## [Work task]
The expected output is each line below containing "sqrt", copied in full.

[Saved data entries]
:::::

lemma qform_P_omega:
  "qform d (P_omega d) \<psi> = complex_of_real ((cmod (\<Sum>i<d. \<psi> $ (i*d+i)))\<^sup>2 / real d)"
proof -
  define z where "z = (\<Sum>b<d*d. cnj (omega d $ b) * \<psi> $ b)"
  have "qform d (P_omega d) \<psi> =
      (\<Sum>a<d*d. \<Sum>b<d*d. (cnj (\<psi> $ a) * omega d $ a) * (cnj (omega d $ b) * \<psi> $ b))"
    unfolding qform_def P_omega_def by (intro sum.cong) (auto simp: algebra_simps)
  also have "\<dots> = (\<Sum>a<d*d. cnj (\<psi> $ a) * omega d $ a) * z"
    unfolding z_def by (simp add: sum_product)
  also have "(\<Sum>a<d*d. cnj (\<psi> $ a) * omega d $ a) = cnj z"
    unfolding z_def by (simp add: omega_index mult.commute)
  finally have q: "qform d (P_omega d) \<psi> = complex_of_real ((cmod z)\<^sup>2)"
    by (simp add: complex_norm_square[symmetric] mult.commute)
  have "(cmod z)\<^sup>2 = (1 / sqrt (real d))\<^sup>2 * (cmod (\<Sum>i<d. \<psi> $ (i*d+i)))\<^sup>2"
    unfolding z_def omega_inner by (simp add: norm_divide power_divide)
  also have "\<dots> = (cmod (\<Sum>i<d. \<psi> $ (i*d+i)))\<^sup>2 / real d"
    by (simp add: power_divide)
  finally show ?thesis using q by simp
qed

lemma admissible_sum_schmidt_sq_le:
  assumes adm: "admissible d \<alpha> \<psi>" and \<alpha>: "1 \<le> \<alpha>" "\<alpha> \<le> real d"
  shows "(sum_list (schmidt_list d \<psi>))\<^sup>2 \<le> 1 / t_star \<alpha>"
proof -
  define k where "k = nat \<lfloor>\<alpha>\<rfloor>"
  define t where "t = \<alpha> - real k"
  define ls where "ls = schmidt_list d \<psi>"
  note bounds = nat_floor_frac_bounds[OF \<alpha>, folded k_def t_def]
  from adm have unit: "unit_vector d \<psi>"
    and zero: "\<And>j. nat \<lceil>\<alpha>\<rceil> + 1 \<le> j \<Longrightarrow> j \<le> d \<Longrightarrow> schmidt d \<psi> j = 0"
    and small: "t > 0 \<Longrightarrow> schmidt d \<psi> (k+1) \<le> t / real k * (\<Sum>j=1..k. schmidt d \<psi> j)"
    unfolding admissible_def Let_def k_def[symmetric] t_def[symmetric] by blast+
  have len: "length ls = d" and nonneg: "\<forall>x\<in>set ls. x \<ge> 0"
    unfolding ls_def by (simp_all add: schmidt_list_length schmidt_list_nonneg)
  have ls_index: "schmidt d \<psi> (Suc i) = ls ! i" for i unfolding schmidt_def ls_def by simp
  have tail: "ls ! i = 0" if "nat \<lceil>\<alpha>\<rceil> \<le> i" "i < d" for i
    using zero[of "Suc i"] that by (simp add: ls_index)
  have "(sum_list ls)\<^sup>2 \<le> (k + t)\<^sup>2 / (k + t\<^sup>2) * sum_list (map (\<lambda>x. x\<^sup>2) ls)"
  proof (rule sq_sum_list_le[OF nonneg])
    show "k < i \<Longrightarrow> i < length ls \<Longrightarrow> ls ! i = 0" for i
      using bounds tail len by (cases "t = 0") auto
    show "ls ! k \<le> t / k * (\<Sum>i<k. ls ! i)" if "k < length ls"
    proof (cases "t = 0")
      case True
      then show ?thesis using bounds tail that len by (simp add: sum_nonneg)
    next
      case False
      then show ?thesis
        using small bounds by (simp add: ls_index sum.atLeast1_atMost_eq)
    qed
  qed (use bounds len in auto)
  also have "\<dots> = 1 / t_star \<alpha>"
    using sum_schmidt_sq[where d = d and \<psi> = \<psi>] unit \<alpha>
    unfolding t_star_nat_floor[OF \<alpha>(1)] unit_vector_def ls_def k_def t_def by simp
  finally show ?thesis unfolding ls_def .
qed

lemma admissible_qform_P_omega_le:
  assumes adm: "admissible d \<alpha> \<psi>" and \<alpha>: "1 \<le> \<alpha>" "\<alpha> \<le> real d"
  shows "Re (qform d (P_omega d) \<psi>) \<le> 1 / (real d * t_star \<alpha>)"
proof -
  have "(cmod (\<Sum>i<d. \<psi> $ (i*d+i)))\<^sup>2 \<le> 1 / t_star \<alpha>"
    using trace_le_sum_schmidt[where d = d and \<psi> = \<psi>] admissible_sum_schmidt_sq_le[OF assms]
    by (meson norm_ge_zero order_trans power_mono)
  then have "(cmod (\<Sum>i<d. \<psi> $ (i*d+i)))\<^sup>2 / real d \<le> (1 / t_star \<alpha>) / real d"
    by (rule divide_right_mono) simp
  moreover have "(1 / t_star \<alpha>) / real d = 1 / (real d * t_star \<alpha>)" by simp
  ultimately show ?thesis
    unfolding qform_P_omega by (simp add: mult.commute)
qed

lemma sum_lessThan_step:
  fixes a b :: real
  assumes "k \<le> d"
  shows "(\<Sum>i<d. if i < k then a else if i = k then b else 0) = real k * a + (if k < d then b else 0)"
proof -
  define f where "f i = (if i < k then a else if i = k then b else 0)" for i
  have "(\<Sum>i<d. f i) = (\<Sum>i<k. f i) + (\<Sum>i\<in>{k..<d}. f i)"
    using assms by (metis atLeast0LessThan sum.atLeastLessThan_concat zero_le)
  moreover have "(\<Sum>i<k. f i) = real k * a" by (simp add: f_def)
  moreover have "(\<Sum>i\<in>{k..<d}. f i) = (if k < d then b else 0)"
  proof (cases "k < d")
    case True
    then have "(\<Sum>i\<in>{k..<d}. f i) = f k + (\<Sum>i\<in>{Suc k..<d}. f i)"
      by (simp add: sum.atLeast_Suc_lessThan)
    moreover have "(\<Sum>i\<in>{Suc k..<d}. f i) = 0" by (intro sum.neutral) (auto simp: f_def)
    ultimately show ?thesis using True by (simp add: f_def)
  qed (use assms in simp)
  ultimately show ?thesis unfolding f_def by simp
qed

definition extremal_coeffs :: "nat \<Rightarrow> real \<Rightarrow> nat \<Rightarrow> real" where
  "extremal_coeffs k t i = (if i < k then 1 else if i = k then t else 0) / sqrt (real k + t\<^sup>2)"

lemma extremal_coeffs_sums:
  assumes k: "1 \<le> k" "k \<le> d" and kt: "k < d \<or> t = 0"
  shows "(\<Sum>i<d. extremal_coeffs k t i) = (real k + t) / sqrt (real k + t\<^sup>2)"
    and "(\<Sum>i<d. (extremal_coeffs k t i)\<^sup>2) = 1"
proof -
  define N where "N = sqrt (real k + t\<^sup>2)"
  have pos: "real k + t\<^sup>2 > 0" using k by (simp add: add_pos_nonneg)
  have "(\<Sum>i<d. extremal_coeffs k t i) = (\<Sum>i<d. if i < k then 1 else if i = k then t else 0) / N"
    unfolding extremal_coeffs_def N_def by (simp add: sum_divide_distrib)
  also have "\<dots> = (real k + t) / N"
    using sum_lessThan_step[OF k(2), of 1 t] kt by auto
  finally show "(\<Sum>i<d. extremal_coeffs k t i) = (real k + t) / sqrt (real k + t\<^sup>2)"
    unfolding N_def .
  have "(\<Sum>i<d. (extremal_coeffs k t i)\<^sup>2) = (\<Sum>i<d. if i < k then 1 else if i = k then t\<^sup>2 else 0) / N\<^sup>2"
    unfolding extremal_coeffs_def N_def sum_divide_distrib
    by (intro sum.cong) (auto simp: power_divide)
  also have "\<dots> = (real k + t\<^sup>2) / N\<^sup>2"
    using sum_lessThan_step[OF k(2), of 1 "t\<^sup>2"] kt by auto
  also have "\<dots> = 1" using pos unfolding N_def by simp
  finally show "(\<Sum>i<d. (extremal_coeffs k t i)\<^sup>2) = 1" .
qed

lemma extremal_coeffs_nonneg: "0 \<le> t \<Longrightarrow> 0 \<le> extremal_coeffs k t i"
  unfolding extremal_coeffs_def by simp

lemma extremal_coeffs_antimono:
  assumes "0 \<le> t" "t \<le> 1" "i \<le> j"
  shows "extremal_coeffs k t j \<le> extremal_coeffs k t i"
  unfolding extremal_coeffs_def using assms by (intro divide_right_mono) auto

lemma admissible_qform_P_omega_attained:
  assumes \<alpha>: "1 \<le> \<alpha>" "\<alpha> \<le> real d"
  shows "\<exists>\<psi>\<in>V d \<alpha>. Re (qform d (P_omega d) \<psi>) = 1 / (real d * t_star \<alpha>)"
proof -
  define k where "k = nat \<lfloor>\<alpha>\<rfloor>"
  define t where "t = \<alpha> - real k"
  note bounds = nat_floor_frac_bounds[OF \<alpha>, folded k_def t_def]
  define N where "N = sqrt (real k + t\<^sup>2)"
  define \<psi> where "\<psi> = diag_state d (extremal_coeffs k t)"
  have k_or_t: "k < d \<or> t = 0" using bounds by force
  note sums = extremal_coeffs_sums[OF bounds(1,2) k_or_t]
  have coeff: "extremal_coeffs k t i = (if i < k then 1 / N else if i = k then t / N else 0)" for i
    unfolding extremal_coeffs_def N_def by simp
  have schmidt_\<psi>: "schmidt d \<psi> j = extremal_coeffs k t (j - 1)" if "1 \<le> j" "j \<le> d" for j
    using that bounds extremal_coeffs_nonneg extremal_coeffs_antimono
    unfolding schmidt_def \<psi>_def by (subst schmidt_list_diag_state) auto
  have "unit_vector d \<psi>"
    unfolding unit_vector_def \<psi>_def diag_state_sum_sq sums(2) by (simp add: diag_state_def)
  moreover have "schmidt d \<psi> j = 0" if "nat \<lceil>\<alpha>\<rceil> + 1 \<le> j" "j \<le> d" for j
  proof -
    have "k < j - 1 \<or> (k = j - 1 \<and> t = 0)" using that bounds by (cases "t = 0") auto
    then show ?thesis using that schmidt_\<psi>[of j] coeff[of "j - 1"] by auto
  qed
  moreover have "schmidt d \<psi> (k+1) \<le> t / real k * (\<Sum>j=1..k. schmidt d \<psi> j)" if "t > 0"
  proof -
    have "(\<Sum>j=1..k. schmidt d \<psi> j) = (\<Sum>i<k. 1 / N)"
      using bounds by (simp add: sum.atLeast1_atMost_eq schmidt_\<psi> coeff)
    moreover have "schmidt d \<psi> (k+1) = t / N"
      using that bounds schmidt_\<psi>[of "k+1"] coeff[of k] by simp
    ultimately show ?thesis using bounds by simp
  qed
  ultimately have "\<psi> \<in> V d \<alpha>"
    unfolding V_def admissible_def Let_def k_def[symmetric] t_def[symmetric] by blast
  have "real k + t = \<alpha>" unfolding t_def by simp
  then have "(cmod (\<Sum>i<d. \<psi> $ (i*d+i)))\<^sup>2 = \<alpha>\<^sup>2 / (real k + t\<^sup>2)"
    unfolding \<psi>_def diag_state_trace sums(1) using \<alpha> by (simp add: norm_divide power_divide)
  then have "Re (qform d (P_omega d) \<psi>) = 1 / (real d * t_star \<alpha>)"
    unfolding qform_P_omega t_star_nat_floor[OF \<alpha>(1)] k_def[symmetric] t_def[symmetric] by simp
  with \<open>\<psi> \<in> V d \<alpha>\<close> show ?thesis by blast
qed

lemma f_d_eq:
  assumes "1 \<le> \<alpha>" "\<alpha> \<le> real d"
  shows "f_d d \<alpha> = 1 / (real d * t_star \<alpha>)"
proof -
  obtain \<psi> where "\<psi> \<in> V d \<alpha>" "Re (qform d (P_omega d) \<psi>) = 1 / (real d * t_star \<alpha>)"
    using admissible_qform_P_omega_attained[OF assms] by blast
  then have "1 / (real d * t_star \<alpha>) \<in> (\<lambda>\<psi>. Re (qform d (P_omega d) \<psi>)) ` V d \<alpha>" by force
  then show ?thesis
    unfolding f_d_def mu_def
    by (rule cSup_eq_maximum) (use admissible_qform_P_omega_le[OF _ assms] in \<open>auto simp: V_def\<close>)
qed

section \<open>The Choi matrix of the maps Phi_t\<close>

lemma mtrace_matunit: "i < d \<Longrightarrow> j < d \<Longrightarrow> mtrace d (matunit d i j) = (if i = j then 1 else 0)"
proof -
  assume ij: "i < d" "j < d"
  have "mtrace d (matunit d i j) = (\<Sum>l<d. if l = i then (if i = j then 1 else 0) else 0)"
    unfolding mtrace_def matunit_def by (rule sum.cong) auto
  then show ?thesis using ij by simp
qed

lemma choi_Phi_t_index:
  assumes d: "d > 0" and p: "p < d*d" and q: "q < d*d"
  shows "choi d (Phi_t d t) $$ (p,q) =
    (if p = q then 1 else 0) - complex_of_real (t * real d) * P_omega d $$ (p,q)"
proof -
  have pd: "p div d < d" "p mod d < d" and qd: "q div d < d" "q mod d < d"
    using p q d by (auto simp: less_mult_imp_div_less)
  have pq: "(p div d = q div d \<and> p mod d = q mod d) \<longleftrightarrow> p = q" by (metis div_mult_mod_eq)
  have choi: "choi d (Phi_t d t) $$ (p,q) =
      (if p div d = q div d then 1 else 0) * (if p mod d = q mod d then 1 else 0)
      - complex_of_real t * (if p mod d = p div d \<and> q mod d = q div d then 1 else 0)"
    unfolding choi_def Phi_t_def using p q pd qd by (simp add: mtrace_matunit, simp add: matunit_def)
  have "complex_of_real (1 / sqrt (real d)) * complex_of_real (1 / sqrt (real d)) =
      1 / complex_of_real (real d)"
    using d by (simp flip: of_real_mult)
  then have P: "P_omega d $$ (p,q) =
      (if p div d = p mod d \<and> q div d = q mod d then 1 / complex_of_real (real d) else 0)"
    unfolding P_omega_def using p q by (simp add: omega_index)
  show ?thesis unfolding choi P using pq d by auto
qed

:::::

## [Your response]
  have "(cmod z)\<^sup>2 = (1 / sqrt (real d))\<^sup>2 * (cmod (\<Sum>i<d. \<psi> $ (i*d+i)))\<^sup>2"
  "extremal_coeffs k t i = (if i < k then 1 else if i = k then t else 0) / sqrt (real k + t\<^sup>2)"
  shows "(\<Sum>i<d. extremal_coeffs k t i) = (real k + t) / sqrt (real k + t\<^sup>2)"
  define N where "N = sqrt (real k + t\<^sup>2)"
  finally show "(\<Sum>i<d. extremal_coeffs k t i) = (real k + t) / sqrt (real k + t\<^sup>2)"
  define N where "N = sqrt (real k + t\<^sup>2)"
  have "complex_of_real (1 / sqrt (real d)) * complex_of_real (1 / sqrt (real d)) =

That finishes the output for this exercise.